▶ Work instructions: Which lines in the records below contain the word "else"? Return each of them.

***** Data for review

(* For $\xi = (\tau_L,\delta_L,\tau_R,\delta_R) \in \mathbb{R}^4$ let $$f_\xi(x,y) = \begin{cases} (\tau_L x + y + 1,\ -\delta_L x), & x \le 0,\\ (\tau_R x + y + 1,\ -\delta_R x), & x \ge 0,\end{cases}$$ and let $\Phi = \{\xi : \tau_L > |\delta_L + 1|,\ \tau_R < -|\delta_R+1|\}$. For $\xi\in\Phi$, the matrix $\begin{bmatrix}\tau_L & 1\\ -\delta_L & 0\end{bmatrix}$ has eigenvalues $\lambda_L^s,\lambda_L^u$ with $|\lambda_L^s|<1<\lambda_L^u$, and $\begin{bmatrix}\tau_R & 1\\ -\delta_R & 0\end{bmatrix}$ has eigenvalues $\lambda_R^s,\lambda_R^u$ with $|\lambda_R^s|<1$, $\lambda_R^u<-1$. Let $$\phi^+(\xi) = \delta_R - \big(\tau_R + \delta_L + \delta_R - (1+\tau_R)\lambda_L^u\big)\lambda_L^u,\qquad \phi^-(\xi) = \delta_R - \big(\delta_R + \tau_R - (1+\lambda_R^u)\lambda_L^u\big)\lambda_L^u,$$ $\phi_{\min}(\xi) = \min[\phi^+(\xi),\phi^-(\xi)]$, and $T = \left(\frac{1}{1-\lambda_R^s}, 0\right)$. If $\xi \in \Phi$ with $\phi_{\min}(\xi) > 0$ and $\lambda_L^s = \lambda_R^s$, then $f_\xi$ maps the line segment from $T$ to $f_\xi(T)$ into itself, and on this segment $f_\xi$ is conjugate to the skew tent map $$z \mapsto \begin{cases} \lambda_L^u z + 1, & z \le 0,\\ \lambda_R^u z + 1, & z \ge 0,\end{cases}$$ restricted to the interval $[\lambda_R^u + 1, 1]$. *)

theory Defs
  imports "HOL-Analysis.Analysis"
begin

definition bcnf :: "real \<Rightarrow> real \<Rightarrow> real \<Rightarrow> real \<Rightarrow> real \<times> real \<Rightarrow> real \<times> real" where
  "bcnf tauL deltaL tauR deltaR p =
     (if fst p \<le> 0 then (tauL * fst p + snd p + 1, - deltaL * fst p)
      else (tauR * fst p + snd p + 1, - deltaR * fst p))"

definition in_Phi :: "real \<Rightarrow> real \<Rightarrow> real \<Rightarrow> real \<Rightarrow> bool" where
  "in_Phi tauL deltaL tauR deltaR \<longleftrightarrow> tauL > \<bar>deltaL + 1\<bar> \<and> tauR < - \<bar>deltaR + 1\<bar>"

definition jac :: "real \<Rightarrow> real \<Rightarrow> real^2^2" where
  "jac tau delta = vector [vector [tau, 1], vector [- delta, 0]]"

definition is_eigenvalue :: "real^2^2 \<Rightarrow> real \<Rightarrow> bool" where
  "is_eigenvalue A lam \<longleftrightarrow> (\<exists>v. v \<noteq> 0 \<and> A *v v = lam *\<^sub>R v)"

definition phi_plus :: "real \<Rightarrow> real \<Rightarrow> real \<Rightarrow> real \<Rightarrow> real \<Rightarrow> real" where
  "phi_plus tauL deltaL tauR deltaR lLu =
     deltaR - (tauR + deltaL + deltaR - (1 + tauR) * lLu) * lLu"

definition phi_minus :: "real \<Rightarrow> real \<Rightarrow> real \<Rightarrow> real \<Rightarrow> real" where
  "phi_minus tauR deltaR lLu lRu =
     deltaR - (deltaR + tauR - (1 + lRu) * lLu) * lLu"

definition skew_tent :: "real \<Rightarrow> real \<Rightarrow> real \<Rightarrow> real" where
  "skew_tent a b z = (if z \<le> 0 then a * z + 1 else b * z + 1)"

end

theory Submission
  imports Defs
begin

text \<open>Since both pieces share the stable eigenvalue \<open>s\<close>, Vieta gives
  \<open>\<tau> = s + \<lambda>\<^sup>u\<close> and \<open>\<delta> = s \<lambda>\<^sup>u\<close> on each side, so \<open>(1, -s)\<close> is an unstable
  eigenvector of both Jacobians. The line through \<open>T\<close> in this direction is therefore invariant,
  and in the coordinate \<open>z = (1 - s) x\<close> the map acts on it as \<open>z \<mapsto> \<lambda>\<^sup>u z + 1\<close>, with
  \<open>\<lambda>\<^sup>u\<close> taken from the side of the switching line \<open>x = 0\<close>. The segment from \<open>T\<close> to \<open>f(T)\<close>
  corresponds to \<open>[\<lambda>\<^sub>R\<^sup>u + 1, 1]\<close>, which the skew tent map preserves exactly when
  \<open>\<lambda>\<^sub>L\<^sup>u (\<lambda>\<^sub>R\<^sup>u + 1) \<ge> \<lambda>\<^sub>R\<^sup>u\<close>; this is a factor of \<open>\<phi>\<^sup>-\<close>.\<close>

lemma is_eigenvalue_jac_char_poly:
  assumes "is_eigenvalue (jac tau delta) l"
  shows "l\<^sup>2 - tau * l + delta = 0"
proof -
  obtain v where v: "v \<noteq> 0" "jac tau delta *v v = l *\<^sub>R v"
    using assms unfolding is_eigenvalue_def by blast
  have e1: "tau * v$1 + v$2 = l * v$1" and e2: "- delta * v$1 = l * v$2"
    using v(2) unfolding jac_def
    by (auto simp: vec_eq_iff matrix_vector_mult_def sum_2 forall_2 vector_def)
  have "v$1 \<noteq> 0"
  proof
    assume "v$1 = 0"
    with e1 have "v$2 = 0" by simp
    with \<open>v$1 = 0\<close> have "v = 0" by (simp add: vec_eq_iff forall_2)
    with v(1) show False by simp
  qed
  moreover have "v$2 = (l - tau) * v$1"
    using e1 by (simp add: algebra_simps)
  with e2 have "(l\<^sup>2 - tau * l + delta) * v$1 = 0"
    by (simp add: algebra_simps power2_eq_square)
  ultimately show ?thesis by simp
qed

lemma quadratic_distinct_roots_vieta:
  fixes s u tau delta :: "'a :: idom"
  assumes "s\<^sup>2 - tau * s + delta = 0" and "u\<^sup>2 - tau * u + delta = 0" and "s \<noteq> u"
  shows "tau = s + u" and "delta = s * u"
proof -
  have "(s - u) * (s + u - tau) = (s\<^sup>2 - tau * s + delta) - (u\<^sup>2 - tau * u + delta)"
    by (simp add: algebra_simps power2_eq_square)
  with assms(1,2) have "(s - u) * (s + u - tau) = 0" by simp
  with assms(3) show tau: "tau = s + u" by simp
  with assms(1) show "delta = s * u" by (simp add: algebra_simps power2_eq_square)
qed

lemma is_eigenvalue_jac_vieta:
  assumes "is_eigenvalue (jac tau delta) s" and "is_eigenvalue (jac tau delta) u" and "s \<noteq> u"
  shows "tau = s + u" and "delta = s * u"
  using quadratic_distinct_roots_vieta[OF is_eigenvalue_jac_char_poly is_eigenvalue_jac_char_poly]
    assms by auto

lemma skew_tent_maps_interval:
  fixes a b z :: real
  assumes "0 \<le> a" and "b \<le> 0" and "b \<le> a * (b + 1)" and "z \<in> {b + 1 .. 1}"
  shows "skew_tent a b z \<in> {b + 1 .. 1}"
proof (cases "z \<le> 0")
  case True
  have "a * (b + 1) \<le> a * z" and "a * z \<le> 0"
    using assms True by (auto intro: mult_left_mono mult_nonneg_nonpos)
  with True assms(3) show ?thesis by (simp add: skew_tent_def)
next
  case False
  have "b \<le> b * z"
    using mult_left_mono_neg[of z 1 b] assms(2,4) by simp
  moreover have "b * z \<le> 0"
    using assms(2) False by (simp add: mult_nonpos_nonneg)
  ultimately show ?thesis using False by (simp add: skew_tent_def)
qed

lemma phi_minus_pos_imp_interval_invariance:
  fixes s a b :: real
  assumes "s < a" and "0 < phi_minus (s + b) (s * b) a b"
  shows "b \<le> a * (b + 1)"
proof -
  have "phi_minus (s + b) (s * b) a b = (a - s) * ((1 + b) * a - b)"
    by (simp add: phi_minus_def algebra_simps)
  with assms have "0 < (1 + b) * a - b"
    by (simp add: zero_less_mult_iff)
  then show ?thesis by (simp add: algebra_simps)
qed

definition unstable_line :: "real \<Rightarrow> real \<Rightarrow> real \<times> real" where
  "unstable_line s z = (z / (1 - s), s * (1 - z) / (1 - s))"

lemma unstable_line_affine:
  "unstable_line s z = (0, s / (1 - s)) + z *\<^sub>R (1 / (1 - s), - s / (1 - s))"
  by (simp add: unstable_line_def algebra_simps diff_divide_distrib)

lemma closed_segment_unstable_line:
  "closed_segment (unstable_line s a) (unstable_line s b) = unstable_line s ` closed_segment a b"
  unfolding unstable_line_affine closed_segment_translation
    closed_segment_linear_image[OF linear_scaleR_left] image_image ..

lemma bcnf_unstable_line:
  assumes "s < 1"
  shows "bcnf (s + a) (s * a) (s + b) (s * b) (unstable_line s z)
           = unstable_line s (skew_tent a b z)"
proof -
  have sign: "z / (1 - s) \<le> 0 \<longleftrightarrow> z \<le> 0"
    using assms by (simp add: divide_le_0_iff)
  have step: "((s + m) * (z / (1 - s)) + s * (1 - z) / (1 - s) + 1, - (s * m) * (z / (1 - s)))
                = unstable_line s (m * z + 1)" for m
    unfolding unstable_line_def prod.inject
    using assms by (simp add: divide_simps) (simp add: algebra_simps)
  show ?thesis
    using step[of a] step[of b]
    by (simp add: bcnf_def unstable_line_def skew_tent_def sign)
qed

lemma unstable_line_coordinate:
  assumes "s \<noteq> 1"
  shows "(1 - s) * fst (unstable_line s z) = z"
  using assms by (simp add: unstable_line_def)

lemma homeomorphism_unstable_line:
  assumes "s \<noteq> 1"
  shows "homeomorphism (unstable_line s ` I) I (\<lambda>p. (1 - s) * fst p) (unstable_line s)"
proof (rule homeomorphismI)
  show "continuous_on (unstable_line s ` I) (\<lambda>p. (1 - s) * fst p)"
    by (intro continuous_intros)
  show "continuous_on I (unstable_line s)"
    unfolding unstable_line_def using assms by (intro continuous_intros) auto
qed (use assms in \<open>auto simp: unstable_line_coordinate\<close>)

lemma bcnf_segment_conj_skew_tent:
  fixes s a b :: real
  assumes "s < 1" and "0 \<le> a" and "b \<le> 0" and "b \<le> a * (b + 1)"
  defines "f \<equiv> bcnf (s + a) (s * a) (s + b) (s * b)"
    and "S \<equiv> closed_segment (unstable_line s 1)
                 (bcnf (s + a) (s * a) (s + b) (s * b) (unstable_line s 1))"
  shows "f ` S \<subseteq> S"
    and "homeomorphism S {b + 1 .. 1} (\<lambda>p. (1 - s) * fst p) (unstable_line s)"
    and "\<forall>p \<in> S. (1 - s) * fst (f p) = skew_tent a b ((1 - s) * fst p)"
proof -
  have f_line: "f (unstable_line s z) = unstable_line s (skew_tent a b z)" for z
    unfolding f_def using bcnf_unstable_line[OF assms(1)] .
  have S: "S = unstable_line s ` {b + 1 .. 1}"
    using assms(3)
    by (simp add: S_def f_line[unfolded f_def] skew_tent_def
        closed_segment_unstable_line closed_segment_eq_real_ivl)
  show "f ` S \<subseteq> S"
    using skew_tent_maps_interval[OF assms(2-4)] by (auto simp: S f_line)
  show "homeomorphism S {b + 1 .. 1} (\<lambda>p. (1 - s) * fst p) (unstable_line s)"
    unfolding S using assms(1) by (intro homeomorphism_unstable_line) simp
  show "\<forall>p \<in> S. (1 - s) * fst (f p) = skew_tent a b ((1 - s) * fst p)"
    using assms(1) by (auto simp: S f_line unstable_line_coordinate)
qed

theorem proposition10p1:
  fixes tauL deltaL tauR deltaR lLs lLu lRs lRu :: real
  assumes "in_Phi tauL deltaL tauR deltaR"
    and "is_eigenvalue (jac tauL deltaL) lLs" and "is_eigenvalue (jac tauL deltaL) lLu"
    and "\<bar>lLs\<bar> < 1" and "1 < lLu"
    and "is_eigenvalue (jac tauR deltaR) lRs" and "is_eigenvalue (jac tauR deltaR) lRu"
    and "\<bar>lRs\<bar> < 1" and "lRu < -1"
    and "min (phi_plus tauL deltaL tauR deltaR lLu) (phi_minus tauR deltaR lLu lRu) > 0"
    and "lLs = lRs"
  shows "bcnf tauL deltaL tauR deltaR `
           closed_segment (1 / (1 - lRs), 0) (bcnf tauL deltaL tauR deltaR (1 / (1 - lRs), 0))
         \<subseteq> closed_segment (1 / (1 - lRs), 0) (bcnf tauL deltaL tauR deltaR (1 / (1 - lRs), 0))
       \<and> (\<exists>h h'. homeomorphism
              (closed_segment (1 / (1 - lRs), 0) (bcnf tauL deltaL tauR deltaR (1 / (1 - lRs), 0)))
              {lRu + 1 .. 1} h h'
            \<and> (\<forall>p \<in> closed_segment (1 / (1 - lRs), 0) (bcnf tauL deltaL tauR deltaR (1 / (1 - lRs), 0)).
                 h (bcnf tauL deltaL tauR deltaR p) = skew_tent lLu lRu (h p)))"
proof -
  have stable: "lRs < 1" using assms(8) by simp
  have L: "tauL = lRs + lLu" "deltaL = lRs * lLu"
    using is_eigenvalue_jac_vieta[OF assms(2,3)] assms(4,5,11) by auto
  have R: "tauR = lRs + lRu" "deltaR = lRs * lRu"
    using is_eigenvalue_jac_vieta[OF assms(6,7)] assms(8,9) by auto
  have "lRu \<le> lLu * (lRu + 1)"
    using phi_minus_pos_imp_interval_invariance[of lRs lLu lRu] assms(5,10) stable
    unfolding R by simp
  moreover have "(1 / (1 - lRs), 0) = unstable_line lRs 1"
    by (simp add: unstable_line_def)
  ultimately show ?thesis
    using bcnf_segment_conj_skew_tent[of lRs lLu lRu] stable assms(5,9)
    unfolding L R by (intro conjI exI) auto
qed

end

**********

▶ Problem solution:
      else (tauR * fst p + snd p + 1, - deltaR * fst p))"
  "skew_tent a b z = (if z \<le> 0 then a * z + 1 else b * z + 1)"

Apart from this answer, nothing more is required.